There are two primary explanations as to why survey participants who have been a part of more than twenty-five cases in the Court are so much more likely than the novice or intermediate experts to have encountered actual cases where a respondent's counsel has succumbed to a conflict of interests and improperly "thrown" a brief in opposition. First, to the extent that an attorney's selfish motivations in rigging an opposition brief are somehow revealed to other attorneys--whether to fellow lawyers in the attorney's firm, to amici, or to opposing counsel--it is possible that the most senior attorneys involved in the case (that is, those who have already handled a large number of cases in the Court) are more likely to be in a position to learn of the ethical misstep. Additionally, these seasoned Supreme Court veterans may, from experience working on briefs, be better at ascertaining when an attorney is providing less than zealous representation on a brief.
Second, survey participants who have handled more Supreme Court matters might be more likely to report knowledge of such conflicts simply because they have had more chances to encounter an attorney succumbing to the temptation, whether blatantly or more covertly. To the extent that it might be difficult to ascertain whether an attorney is truly not providing fully zealous representation, the finding that 17.4% of experienced Supreme Court attorneys report firsthand evidence of the conflict in action may only scratch the surface; it is conceivable that other cases of wrongful, self interested attorney action might exist where attorneys rigged their briefs in opposition without telling anyone or otherwise getting caught by another attorney.
In any event, the primary lesson to be gleaned from the responses to Question Four seems fairly straight-forward: the ethical dilemma is real and it is happening, albeit not in overwhelming numbers--ninety percent of the surveyed attorneys have not yet witnessed a case where the conflict adversely affected an attorney's ability to represent her client. (107) Survey respondents flagged two chief explanations for why such actual encounters with attorneys guilty of misconduct at the opposition stage may be so rare. The first explanation was that perhaps attorneys will find it fruitless to intentionally rig a brief in opposition because even if certiorari is granted, they might ultimately be replaced by a more experienced advocate for oral argument. As one respondent explained, the attorney who "does a poor job in hopes that cert will be granted against [the] client's interest" is one who "runs the risk of not being the attorney who argues the case in the end." (108) Second, respondents noted that counsel might prefer to challenge the cert petition zealously because if the Court grants, there is a substantial chance (nearly two-thirds) that the Court will reverse the decision below. (109)
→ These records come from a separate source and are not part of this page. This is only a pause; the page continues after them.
(* For every integer $\nu \ge 0$ the following identities hold: \[ \sum_{k=0}^{2\nu} (-1)^{k}\, \binom{2\nu+2}{k+2}\, 2^{-k}\, \binom{2k}{k}=\frac{1}{3}(4\nu+3)\,\frac{(\frac{3}{2})_{\nu}}{(1)_{\nu}}, \qquad \sum_{k=0}^{2\nu+1} (-1)^{k} \,\binom{2\nu+3}{k+2} \,2^{-k} \,\binom{2k}{k}=2\,\frac{(\frac{5}{2})_{\nu}}{(1)_{\nu}}, \] \[ \sum_{k=0}^{2\nu} (-1)^{k}\, \binom{2\nu+3}{k+3}\, 2^{-k}\, \binom{2k}{k}=\frac{1}{5}(8\nu+5)\,\frac{(\frac{5}{2})_{\nu}}{(1)_{\nu}}, \qquad \sum_{k=0}^{2\nu+1} (-1)^{k} \,\binom{2\nu+4}{k+3} \,2^{-k} \,\binom{2k}{k}=\frac{1}{5}(8\nu+15)\,\frac{(\frac{5}{2})_{\nu}}{(1)_{\nu}}. \]
   Context: For a complex number $a$ and integer $n\ge 0$, $(a)_n$ denotes the Pochhammer symbol: $(a)_0=1$ and $(a)_n=a(a+1)\cdots(a+n-1)$ for $n\ge1$; in particular $(1)_\nu=\nu!$. *)

theory Defs
  imports Complex_Main
begin

end

theory Submission
  imports Defs
begin

(* Write S(n, j) = shifted_sum n j = \<Sum>\<^sub>k (-1)^k C(n, k + j) 2^(-k) C(2k, k); the four sums
   are S(2\<nu>+2, 2), S(2\<nu>+3, 2), S(2\<nu>+3, 3) and S(2\<nu>+4, 3). For j = 0 Zeilberger's algorithm gives
   (n + 2) S(n + 2, 0) = (n + 1) S(n, 0), hence S(2m, 0) = (1/2)\<^sub>m / m! and S(2m + 1, 0) = 0.
   Pascal's rule S(n + 1, j + 1) = S(n, j + 1) + S(n, j) then yields, one j at a time, closed
   forms p(m) (1/2)\<^sub>m / m! for S(2m, j) and S(2m + 1, j) with polynomials p, and
   (3/2)\<^sub>\<nu>, (5/2)\<^sub>\<nu> are polynomial multiples of (1/2)\<^sub>\<nu>. *)

definition pochhammer_half_ratio :: "nat \<Rightarrow> real" where
  "pochhammer_half_ratio m = pochhammer (1/2) m / pochhammer 1 m"

lemma pochhammer_half_ratio_Suc_eq:
  "pochhammer_half_ratio (Suc m) = (2 * real m + 1) / (2 * real m + 2) * pochhammer_half_ratio m"
  unfolding pochhammer_half_ratio_def pochhammer_fact[symmetric]
  by (simp add: pochhammer_rec' field_simps)

lemma pochhammer_half_ratio_Suc:
  "(2 * real m + 2) * pochhammer_half_ratio (Suc m) = (2 * real m + 1) * pochhammer_half_ratio m"
  by (simp add: pochhammer_half_ratio_Suc_eq add_nonneg_eq_0_iff)

lemma of_nat_central_binomial: "real ((2 * k) choose k) = 4 ^ k * pochhammer_half_ratio k"
proof -
  have "real ((2 * k) choose k) = fact (2 * k) / (fact k * fact k)"
    by (simp add: binomial_fact)
  also have "\<dots> = 4 ^ k * pochhammer_half_ratio k"
    by (simp add: fact_double pochhammer_half_ratio_def pochhammer_fact[symmetric] power_mult)
  finally show ?thesis .
qed

lemma pochhammer_plus_one:
  fixes a :: "'a::comm_semiring_1"
  shows "a * pochhammer (a + 1) n = (a + of_nat n) * pochhammer a n"
  by (metis pochhammer_rec pochhammer_rec')

lemma pochhammer_three_halves_ratio:
  "pochhammer (3/2) n / pochhammer 1 n = (2 * real n + 1) * pochhammer_half_ratio n"
proof -
  have "pochhammer (3/2 :: real) n = (2 * real n + 1) * pochhammer (1/2) n"
    using pochhammer_plus_one[of "1/2 :: real" n] by (simp add: field_simps)
  then show ?thesis by (simp add: pochhammer_half_ratio_def)
qed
Yet both of these constraints are more likely to check the regular Supreme Court practitioner than the attorney who seeks a once-in-a-lifetime opportunity to argue in the Court. First, the one-time attorney is less likely to represent a sophisticated client who will know whether to tire him if the cert opposition fails. Criminal defendants, for instance, often stick with their court-appointed lawyers and public defenders even after cert is granted. (110) Second, repeat players might care about win-loss records in the Court and thus prefer not to argue a case bottom-side, (111) but a one-time-only attorney might not. It might well be the simple act of getting to the Court, and not the result at the Court, that will impress the one-time-only attorney's peers and future clients the most. (112)
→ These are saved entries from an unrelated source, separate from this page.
lemma pauli_string_mult:
  assumes "length qs = length ps" "pauli_labels ps" "pauli_labels qs"
  shows "\<exists>c rs. c \<in> pauli_phases \<and> length rs = length ps \<and> pauli_labels rs \<and>
           pauli_string ps * pauli_string qs = c \<cdot>\<^sub>m pauli_string rs"
  using assms
proof (induction ps arbitrary: qs)
  case Nil
  then show ?case
    by (intro exI[of _ 1] exI[of _ "[]"]) auto
next
  case (Cons p ps)
  then obtain q qs' where qs: "qs = q # qs'" and l: "length qs' = length ps"
    by (cases qs) auto
  from Cons.prems qs have pq: "p < 4" "q < 4" and labels: "pauli_labels ps" "pauli_labels qs'"
    by auto
  obtain c rs where
    c: "c \<in> pauli_phases" "length rs = length ps" "pauli_labels rs"
       "pauli_string ps * pauli_string qs' = c \<cdot>\<^sub>m pauli_string rs"
    using Cons.IH[OF l labels] by blast
  have "pauli_string (p # ps) * pauli_string qs =
        (pauli1_prod_phase p q * c) \<cdot>\<^sub>m pauli_string (pauli1_prod_label p q # rs)"
    using pq c by (simp add: qs kron_pauli1_pauli_string_mult[OF l] pauli1_mult ac_simps)
  moreover have "pauli1_prod_label p q \<in> {0, 1, 2, 3}"
    using pauli1_prod_label_less[OF pq] by auto
  ultimately show ?case
    using c pauli_phases_mult[OF pauli1_prod_phase_in_phases c(1)]
    by (intro exI[of _ "pauli1_prod_phase p q * c"] exI[of _ "pauli1_prod_label p q # rs"]) auto
qed

lemma pauli_string_commute_sign:
  assumes "length qs = length ps" "pauli_labels ps" "pauli_labels qs"
  shows "\<exists>s \<in> {1, -1}. pauli_string ps * pauli_string qs = s \<cdot>\<^sub>m (pauli_string qs * pauli_string ps)"
  using assms
proof (induction ps arbitrary: qs)
  case Nil
  then show ?case by auto
next
  case (Cons p ps)
  then obtain q qs' where qs: "qs = q # qs'" and l: "length qs' = length ps"
    by (cases qs) auto
  from Cons.prems qs have pq: "p < 4" "q < 4" and labels: "pauli_labels ps" "pauli_labels qs'"
    by auto
  obtain s where s: "s \<in> {1, -1}"
    "pauli_string ps * pauli_string qs' = s \<cdot>\<^sub>m (pauli_string qs' * pauli_string ps)"
    using Cons.IH[OF l labels] by blast
  from pauli1_commute_sign[OF pq] obtain t where t: "t \<in> {1, -1}"
    "pauli1 p * pauli1 q = t \<cdot>\<^sub>m (pauli1 q * pauli1 p)"
    by blast
  have "pauli_string (p # ps) * pauli_string qs =
        (t * s) \<cdot>\<^sub>m (pauli_string qs * pauli_string (p # ps))"
    using s t l by (simp add: qs kron_pauli1_pauli_string_mult ac_simps)
  then show ?case
    using s t by (intro bexI[of _ "t * s"]) auto
qed

lemma pauli_string_mult_self: "pauli_labels ps \<Longrightarrow> pauli_string ps * pauli_string ps = 1\<^sub>m (2 ^ length ps)"
  by (induction ps) (auto simp: kron_pauli1_pauli_string_mult pauli1_mult_self kron_one)

lemma pauli_string_replicate_0: "pauli_string (replicate n 0) = 1\<^sub>m (2 ^ n)"
  by (induction n) (auto simp: pauli1_0 kron_one)

lemma pauli_group_iff:
  "P \<in> pauli_group n \<longleftrightarrow>
   (\<exists>\<omega> ps. P = \<omega> \<cdot>\<^sub>m pauli_string ps \<and> \<omega> \<in> pauli_phases \<and> length ps = n \<and> pauli_labels ps)"
  unfolding pauli_group_def pauli_phases_def by blast

lemma pauli_groupE:
  assumes "P \<in> pauli_group n"
  obtains \<omega> ps where "P = \<omega> \<cdot>\<^sub>m pauli_string ps" "\<omega> \<in> pauli_phases" "length ps = n" "pauli_labels ps"
  using assms unfolding pauli_group_iff by blast

lemma pauli_groupI:
  "\<omega> \<in> pauli_phases \<Longrightarrow> length ps = n \<Longrightarrow> pauli_labels ps \<Longrightarrow> \<omega> \<cdot>\<^sub>m pauli_string ps \<in> pauli_group n"
  unfolding pauli_group_iff by blast

lemma pauli_group_carrier_mat: "P \<in> pauli_group n \<Longrightarrow> P \<in> carrier_mat (2 ^ n) (2 ^ n)"
  by (erule pauli_groupE) auto

lemma pauli_group_smult: "\<omega> \<in> pauli_phases \<Longrightarrow> P \<in> pauli_group n \<Longrightarrow> \<omega> \<cdot>\<^sub>m P \<in> pauli_group n"
  by (erule pauli_groupE) (auto intro!: pauli_groupI pauli_phases_mult)

lemma pauli_group_sign: "s \<in> {1, -1} \<Longrightarrow> P \<in> pauli_group n \<Longrightarrow> s \<cdot>\<^sub>m P \<in> pauli_group n"
  by (auto intro: pauli_group_smult)

lemma one_in_pauli_group: "1\<^sub>m (2 ^ n) \<in> pauli_group n"
  using pauli_groupI[of 1 "replicate n 0" n] by (simp add: pauli_string_replicate_0 set_replicate_conv_if)

lemma pauli_group_mult:
  assumes "P \<in> pauli_group n" "Q \<in> pauli_group n"
  shows "P * Q \<in> pauli_group n"
proof -
  obtain a ps where P: "P = a \<cdot>\<^sub>m pauli_string ps" "a \<in> pauli_phases" "length ps = n" "pauli_labels ps"
    using assms(1) by (rule pauli_groupE)
  obtain b qs where Q: "Q = b \<cdot>\<^sub>m pauli_string qs" "b \<in> pauli_phases" "length qs = n" "pauli_labels qs"
    using assms(2) by (rule pauli_groupE)
  obtain c rs where R: "c \<in> pauli_phases" "length rs = length ps" "pauli_labels rs"
     "pauli_string ps * pauli_string qs = c \<cdot>\<^sub>m pauli_string rs"
    using pauli_string_mult[of qs ps] P Q by auto
  have "P * Q = (a * (b * c)) \<cdot>\<^sub>m pauli_string rs"
    using P Q R by (simp add: ac_simps)
  then show ?thesis
    using P Q R by (auto intro!: pauli_groupI pauli_phases_mult)
qed

lemma pauli_group_dag_sign:
  assumes "P \<in> pauli_group n"
  shows "\<exists>s \<in> {1, -1}. dag P = s \<cdot>\<^sub>m P"
proof -
  obtain a ps where P: "P = a \<cdot>\<^sub>m pauli_string ps" "a \<in> pauli_phases"
    using assms by (rule pauli_groupE)
  obtain s where "s \<in> {1, -1}" "cnj a = s * a"
    using pauli_phases_cnj_sign[OF P(2)] by blast
  then show ?thesis
    using P by auto
qed

lemma pauli_group_dag: "P \<in> pauli_group n \<Longrightarrow> dag P \<in> pauli_group n"
  using pauli_group_dag_sign pauli_group_sign by metis

lemma pauli_group_unitary: "P \<in> pauli_group n \<Longrightarrow> unitary_n n P"
proof (erule pauli_groupE)
  fix \<omega> ps
  assume P: "P = \<omega> \<cdot>\<^sub>m pauli_string ps" "\<omega> \<in> pauli_phases" "length ps = n" "pauli_labels ps"
  have "\<omega> * cnj \<omega> = 1" "cnj \<omega> * \<omega> = 1"
    using pauli_phases_mult_cnj[OF P(2)] by (auto simp: mult.commute)
  moreover have "P \<in> carrier_mat (2 ^ n) (2 ^ n)"
    using P by auto
  ultimately show "unitary_n n P"
    using P pauli_string_mult_self[OF P(4)] unfolding unitary_n_def by simp
qed

lemma pauli_group_commute_sign:
  assumes "P \<in> pauli_group n" "Q \<in> pauli_group n"
  shows "\<exists>s \<in> {1, -1}. P * Q = s \<cdot>\<^sub>m (Q * P)"
proof -
  obtain a ps where P: "P = a \<cdot>\<^sub>m pauli_string ps" "length ps = n" "pauli_labels ps"
    using assms(1) by (rule pauli_groupE)
  obtain b qs where Q: "Q = b \<cdot>\<^sub>m pauli_string qs" "length qs = n" "pauli_labels qs"
    using assms(2) by (rule pauli_groupE)
  have "length qs = length ps"
    using P Q by simp
  then obtain s where "s \<in> {1, -1}" "pauli_string ps * pauli_string qs = s \<cdot>\<^sub>m (pauli_string qs * pauli_string ps)"
    using pauli_string_commute_sign P(3) Q(3) by blast
  then show ?thesis
    using P Q by (intro bexI[of _ s]) (simp_all add: ac_simps)
qed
Ultimately, the responses to Question Four suggest that there is not a large number of cases in the Court that are so riddled with conflicts of interest that representation at the opposition stage is inescapably compromised. But we should be cautious to infer too much from the positive results. As one survey respondent emphasized, the conflict is not merely theoretical: "Several years ago I represented an amicus in a case in which the respondent's counsel confessed that she was pleased when cert was granted because of the opportunity to argue and hinted that she had not gone all-out on the cert opp." (113) In cases like this, however occasional they may be, there is a real risk of harm to the client, to judicial efficiency in the Supreme Court, and to the development of the law itself. (114)
Analyzing Actual Failed Briefs in Opposition to Certiorari
Apart from survey data, an additional source of evidence exists concerning the ethical conflict in opposing certiorari: the briefings from Supreme Court cases in which an attorney's personal desire to argue at the Court might have had an actual adverse impact on the zealousness of the attorney's advocacy at the opposition stage. That is to say, where self-reported data can provide one angle of evidence on whether attorneys act against their client's best interests when opposing certiorari, an altogether different angle can be taken by examining actual opposition briefs to see the various ways in which an attorney might stealthily write an unpersuasive brief and undermine the client's chances for getting cert denied.
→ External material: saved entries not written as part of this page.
text \<open>Multiplication: (s z^a)(t z^b) = chi(t)^a (s t) z^(a+b), which is 0 if a + b >= n.\<close>
definition Hmult :: "('g, 'b) monoid_scheme \<Rightarrow> ('g \<Rightarrow> 'k::field) \<Rightarrow> nat \<Rightarrow>
    ('g \<Rightarrow> nat \<Rightarrow> 'k) \<Rightarrow> ('g \<Rightarrow> nat \<Rightarrow> 'k) \<Rightarrow> 'g \<Rightarrow> nat \<Rightarrow> 'k" where
  "Hmult G \<chi> n a b = (\<lambda>u j. if u \<in> carrier G \<and> j < n then
      (\<Sum>s\<in>carrier G. \<Sum>i\<le>j. a s i * b (inv\<^bsub>G\<^esub> s \<otimes>\<^bsub>G\<^esub> u) (j - i) * (\<chi> (inv\<^bsub>G\<^esub> s \<otimes>\<^bsub>G\<^esub> u)) ^ i)
    else 0)"

definition Hbasis :: "'g \<Rightarrow> nat \<Rightarrow> 'g \<Rightarrow> nat \<Rightarrow> 'k::field" where
  "Hbasis s j = (\<lambda>u i. if u = s \<and> i = j then 1 else 0)"

definition Hideal :: "('g, 'b) monoid_scheme \<Rightarrow> ('g \<Rightarrow> 'k::field) \<Rightarrow> nat \<Rightarrow> ('g \<Rightarrow> nat \<Rightarrow> 'k) set \<Rightarrow> bool" where
  "Hideal G \<chi> n I \<longleftrightarrow> I \<subseteq> Hcarrier G n \<and> Hzero \<in> I \<and>
     (\<forall>a\<in>I. \<forall>b\<in>I. Hadd a b \<in> I) \<and>
     (\<forall>h\<in>Hcarrier G n. \<forall>a\<in>I. Hmult G \<chi> n h a \<in> I \<and> Hmult G \<chi> n a h \<in> I)"

definition Hideal_gen :: "('g, 'b) monoid_scheme \<Rightarrow> ('g \<Rightarrow> 'k::field) \<Rightarrow> nat \<Rightarrow> ('g \<Rightarrow> nat \<Rightarrow> 'k) \<Rightarrow> ('g \<Rightarrow> nat \<Rightarrow> 'k) set" where
  "Hideal_gen G \<chi> n x = \<Inter>{I. Hideal G \<chi> n I \<and> x \<in> I}"

text \<open>e_psi = psi(1)/|G| * sum_{h in G} psi(h) h^{-1}, for a character psi.\<close>
definition char_idem :: "('g, 'b) monoid_scheme \<Rightarrow> ('g \<Rightarrow> 'k::field) \<Rightarrow> 'g \<Rightarrow> nat \<Rightarrow> 'k" where
  "char_idem G \<psi> = (\<lambda>u j. if u \<in> carrier G \<and> j = 0 then
      \<psi> \<one>\<^bsub>G\<^esub> / of_nat (card (carrier G)) * \<psi> (inv\<^bsub>G\<^esub> u) else 0)"

definition idem_sum :: "('g, 'b) monoid_scheme \<Rightarrow> ('g \<Rightarrow> 'k::field) set \<Rightarrow> 'g \<Rightarrow> nat \<Rightarrow> 'k" where
  "idem_sum G S = (\<lambda>u j. \<Sum>\<psi>\<in>S. char_idem G \<psi> u j)"

end

theory Submission
  imports Defs "Jordan_Normal_Form.Char_Poly" "HOL-Library.Function_Algebras"
begin

(* Choose psi in S but not in T (or vice versa) and write f_m in kG for the z^m-coefficient of f in H.
   The f in z^m H with f_m chi^m e_psi = 0 form a two-sided ideal of H: multiplying f by h on the left
   multiplies f_m on the left by h_0, multiplying on the right multiplies f_m on the right by
   chi^m h_0, and chi^m e_psi commutes with chi^m h_0 because twisting by chi^m is an automorphism
   of kG and e_psi is central. Since the e_phi are orthogonal idempotents (by Schur's lemma and the
   orthogonality relations, which need k algebraically closed of characteristic zero), this ideal
   contains z^m e_T but not z^m e_S. *)

lemma mat_trace_eq_sum: "A \<in> carrier_mat r r \<Longrightarrow> mat_trace A = (\<Sum>i\<in>{0..<r}. A $$ (i,i))"
  by (simp add: mat_trace_def lessThan_atLeast0)

lemma mat_trace_mult_comm:
  assumes A: "A \<in> carrier_mat r c" and B: "B \<in> carrier_mat c r"
  shows "mat_trace (A * B) = mat_trace (B * A)"
proof -
  have "mat_trace (A * B) = (\<Sum>i\<in>{0..<r}. \<Sum>k\<in>{0..<c}. A $$ (i,k) * B $$ (k,i))"
    using A B by (simp add: mat_trace_eq_sum[of _ r] scalar_prod_def)
  also have "\<dots> = (\<Sum>k\<in>{0..<c}. \<Sum>i\<in>{0..<r}. B $$ (k,i) * A $$ (i,k))"
    by (subst sum.swap) (simp add: mult.commute)
  also have "\<dots> = mat_trace (B * A)"
    using A B by (simp add: mat_trace_eq_sum[of _ c] scalar_prod_def)
  finally show ?thesis .
qed

lemma mat_eq_zero_if_unit_vecs:
  assumes C: "(C :: 'a :: comm_ring_1 mat) \<in> carrier_mat r c"
    and zero: "\<And>j. j < c \<Longrightarrow> C *\<^sub>v unit_vec c j = 0\<^sub>v r"
  shows "C = 0\<^sub>m r c"
proof (rule eq_matI)
  fix i j assume "i < dim_row (0\<^sub>m r c)" "j < dim_col (0\<^sub>m r c)"
  moreover from this have "C $$ (i,j) = (C *\<^sub>v unit_vec c j) $ i" using C by simp
  ultimately show "C $$ (i,j) = 0\<^sub>m r c $$ (i,j)" using zero by simp
qed (use C in auto)

lemma mult_mat_vec_zero: "(C :: 'a :: comm_ring_1 mat) \<in> carrier_mat r c \<Longrightarrow> C *\<^sub>v 0\<^sub>v c = 0\<^sub>v r"
  by (intro eq_vecI) (auto simp: scalar_prod_def)

lemma smult_one_mat_vec:
  assumes "(v :: 'a :: comm_ring_1 vec) \<in> carrier_vec d"
  shows "(k \<cdot>\<^sub>m 1\<^sub>m d) *\<^sub>v v = k \<cdot>\<^sub>v v"
proof -
  have "k \<cdot>\<^sub>v v = k \<cdot>\<^sub>v (1\<^sub>m d *\<^sub>v v)" using assms by simp
  also have "\<dots> = (k \<cdot>\<^sub>m 1\<^sub>m d) *\<^sub>v v" using assms by auto
  finally show ?thesis by simp
qed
It should be mentioned as a preliminary matter, however, that unlike the risk of false negatives in the survey data, where respondents were likely to understate the severity and frequency of the conflict because of self-reporting bias, the risk in looking at individual briefs in opposition as evidence of the conflict is a risk of false positives. There are two sensible explanations for why a brief in opposition to certiorari may have missed an important argument. The culpable explanation is that the attorney drafting the brief intentionally ignored a strong argument for why cert should be denied to increase his chances of arguing in the Court. But the innocent explanation is that the attorney simply missed the argument for lack of knowledge or expertise in Supreme Court practice. Thus, the following discussion of particular opposition briefs is not intended to suggest that intentional oversights occurred in any of the underlying cases, but rather to demonstrate that, for the respondent's attorney who is set on arguing before the Court, there are ways to write an ineffective brief in opposition without creating suspicion regarding the attorney's motives.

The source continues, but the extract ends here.